Road bike groupsets: SRAM, Shimano, Campag component levels explained / Titulares de Bicicletas

A road bike groupset is the collection of components that make you stop and go – in other words, the drivetrain, shifters and brakes.

Plenty of companies make bike components, but the market is dominated by three main brands: Shimano, SRAM and Campagnolo.

Despite the differences between the brands, the components all do the same job, even if there are some subtle variations in how they approach their specific tasks.

We’ll start this buyer’s guide by explaining the different groupsets available in their hierarchies, then go into greater detail on the individual components, and how they differ between brands. We’ll finish by explaining the benefits of the more expensive groupsets and discussing compatibility.

Wait! This is too technical

Does this feel like running before you can walk? 
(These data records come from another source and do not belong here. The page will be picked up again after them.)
lemma IVF_comp_vf:
  fixes \<tau> :: "('x::finite) cgm" and E :: "'x \<Rightarrow> 'x game \<Rightarrow> real"
  assumes \<tau>: "importance_inducing \<tau>" and E: "expectation_of_contributions E"
  shows "IVF (comp_vf E \<tau>)"
  unfolding IVF_def comp_vf_def
proof (intro conjI allI impI)
  fix x :: 'x and f
  have "0 \<le> pd x (\<tau> f) S" "pd x (\<tau> f) S \<le> 1" for S
    using \<tau> unfolding importance_inducing_def by blast+
  then show "0 \<le> E x (\<tau> f)" "E x (\<tau> f) \<le> 1"
    using expectation_of_contributions_bounds[OF E] by blast+
next
  fix x :: 'x and f
  assume "x \<notin> dep f"
  then show "E x (\<tau> f) = 0"
    by (intro expectation_of_contributions_const[OF E] pd_eq_0_if_notin_dep[OF \<tau>])
next
  fix x :: 'x
  show "E x (\<tau> (var x)) = 1" "E x (\<tau> (\<lambda>u. \<not> var x u)) = 1"
    using \<tau> unfolding importance_inducing_def by (blast intro: expectation_of_contributions_const[OF E])+
next
  fix x :: 'x and f and \<sigma> :: "'x \<Rightarrow> 'x"
  assume "bij \<sigma>"
  moreover have "\<tau> (perm_bfun \<sigma> f) (\<sigma> ` S) = \<tau> f S" for S
    using \<tau> \<open>bij \<sigma>\<close> unfolding importance_inducing_def by metis
  ultimately show "E x (\<tau> f) = E (\<sigma> x) (\<tau> (perm_bfun \<sigma> f))"
    by (simp add: expectation_of_contributions_perm[OF E])
next
  fix x y :: 'x and f
  have "\<tau> (flip f y) = \<tau> f"
    using \<tau> unfolding importance_inducing_def by (simp add: fun_eq_iff)
  then show "E x (\<tau> f) = E x (\<tau> (flip f y))"
    by simp
next
  fix x :: 'x and f g h
  assume "mono_modular f g \<and> mono_modular h g \<and> mod_cof h g True \<le> mod_cof f g True \<and>
    mod_cof f g False \<le> mod_cof h g False \<and> x \<in> dep g"
  then have "pd x (\<tau> h) \<le> pd x (\<tau> f)"
    using \<tau> unfolding importance_inducing_def by blast
  then show "E x (\<tau> h) \<le> E x (\<tau> f)"
    by (intro expectation_of_contributions_mono[OF E]) (simp add: le_fun_def)
qed
definition is_subfield_C :: "complex set \<Rightarrow> bool" where
  "is_subfield_C F \<longleftrightarrow> 0 \<in> F \<and> 1 \<in> F \<and>
     (\<forall>x\<in>F. \<forall>y\<in>F. x + y \<in> F \<and> x - y \<in> F \<and> x * y \<in> F) \<and> (\<forall>x\<in>F. inverse x \<in> F)"

definition gen_field :: "complex set \<Rightarrow> complex set" where
  "gen_field S = \<Inter>{F. is_subfield_C F \<and> S \<subseteq> F}"

text \<open>Field automorphisms of a subfield K of C (over Q automatically), normalised to be the
  identity outside K so that they are uniquely represented.\<close>
definition field_auts :: "complex set \<Rightarrow> (complex \<Rightarrow> complex) set" where
  "field_auts K = {\<sigma>. bij_betw \<sigma> K K \<and>
      (\<forall>x\<in>K. \<forall>y\<in>K. \<sigma> (x + y) = \<sigma> x + \<sigma> y \<and> \<sigma> (x * y) = \<sigma> x * \<sigma> y) \<and>
      (\<forall>x. x \<notin> K \<longrightarrow> \<sigma> x = x)}"

definition partner :: "nat \<Rightarrow> nat \<Rightarrow> nat" where
  "partner g j = (if j < g then j + g else j - g)"

text \<open>Weyl group of Sp(2g): signed permutations of the pairs {j, j+g}, j < g, as permutations
  of the index set {0..<2g}.\<close>
definition weyl_Sp :: "nat \<Rightarrow> (nat \<Rightarrow> nat) set" where
  "weyl_Sp g = {\<pi>. bij_betw \<pi> {..<2*g} {..<2*g} \<and> (\<forall>j. 2*g \<le> j \<longrightarrow> \<pi> j = j) \<and>
      (\<forall>j<2*g. \<pi> (partner g j) = partner g (\<pi> j))}"

end

theory Submission imports Defs begin
(* Consider, for a fixed time slot $t$ and a fixed degradation action, the convex bandwidth allocation problem $$\min_{\{b_{t,n}\},\{\tau^{\rm o}_{t,n}\}} \sum_{n=1}^N w_n \tau^{\rm o}_{t,n}\quad \text{s.t.}\quad \frac{d_{t,n}}{\tau^{\rm o}_{t,n}} \le b_{t,n} W \log_2\!\left(1+\frac{p_n h_{t,n}}{b_{t,n} W \delta^2}\right)\ \forall n,\quad \sum_{n=1}^N b_{t,n}\le 1,\quad b_{t,n}\ge 0,\ \tau^{\rm o}_{t,n}\ge 0\ \forall n.$$ Let $\phi_n\ge 0$ be the Lagrange multipliers of the per-device rate constraints and $\eta\ge 0$ the multiplier of the total bandwidth constraint, and let $\{\eta^\ast,\phi_n^\ast\}$ be the optimal dual variables (maximizers of the Lagrange dual function). Then the optimal solution $\{b_{t,n}^\ast, \tau^{\rm o\ast}_{t,n}\}$ of this problem has the closed-form structure $$\tau^{\rm o\ast}_{t,n} = \sqrt{\frac{\phi_n^\ast d_{t,n}}{w_n}},\qquad b_{t,n}^\ast = \frac{-p_n h_{t,n}}{W\delta^2\left[1+\left(\mathcal{W}\!\left(-\frac{1}{\exp\left(\frac{\eta^\ast \ln 2}{\phi_n^\ast W}+1\right)}\right)\right)^{-1}\right]},$$ where $\mathcal{W}(\cdot)$ is the Lambert-$\mathcal{W}$ function and $\exp(\cdot)$ is the exponential function.
   Context: Edge inference system with $N$ edge devices offloading images to an edge server over FDMA with total bandwidth $W$; $b_{t,n}\ge 0$ is the fraction of bandwidth allocated to device $n$ in slot $t$, $p_n$ its fixed transmit power, $h_{t,n}$ its channel gain, $\delta^2$ the noise power spectral density, $d_{t,n}$ the offloaded data size in bits (determined by the fixed degradation action), $\tau^{\rm o}_{t,n}$ the offloading time, and $w_n\ge 0$ the latency weighting factor. *)

theory Defs
  imports "HOL-Analysis.Analysis"
begin

text \<open>Principal branch of the Lambert W function: for x \<ge> -1/e, the unique
  w \<ge> -1 with w * exp w = x.\<close>
definition lambertW :: "real \<Rightarrow> real" where
  "lambertW x = (THE w. w \<ge> -1 \<and> w * exp w = x)"

definition rate :: "real \<Rightarrow> real \<Rightarrow> real \<Rightarrow> real \<Rightarrow> real \<Rightarrow> real" where
  "rate W p h delta2 b = b * W * log 2 (1 + p * h / (b * W * delta2))"

text \<open>Feasible set of the bandwidth allocation problem (devices indexed by n < N).
  The offloading time must be positive, since d/tau appears in the constraint.\<close>
definition feasible ::
  "nat \<Rightarrow> real \<Rightarrow> (nat \<Rightarrow> real) \<Rightarrow> (nat \<Rightarrow> real) \<Rightarrow> real \<Rightarrow> (nat \<Rightarrow> real)
   \<Rightarrow> (nat \<Rightarrow> real) \<Rightarrow> (nat \<Rightarrow> real) \<Rightarrow> bool" where
  "feasible N W p h delta2 d b tau \<longleftrightarrow>
     (\<forall>n<N. d n / tau n \<le> rate W (p n) (h n) delta2 (b n)) \<and>
     (\<Sum>n<N. b n) \<le> 1 \<and>
     (\<forall>n<N. b n \<ge> 0 \<and> tau n > 0)"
If the precise differences between bike components don’t interest you and you’re just looking for some straightforward bike buying advice, start here with our beginner-friendly guide to different types of bike.

If you’re sure you want a road bike, but need some general advice on what to look out for, head over to our best road bikes guide.

Happy to talk groupsets? Keep reading.

What is a groupset?

A groupset comprises all the mechanical parts for your bike – so basically everything except the frame, fork, wheels, handlebar, seatpost and saddle.

You can buy a complete groupset or the individual components and there’s some possibility to mix and match between groupsets, although many items are not intercompatible.

When you buy a new bike, a bike maker will often sub in some cheaper parts with a groupset, so you might for example get a chainset that’s from a different level or even a different brand from the rest of the groupset.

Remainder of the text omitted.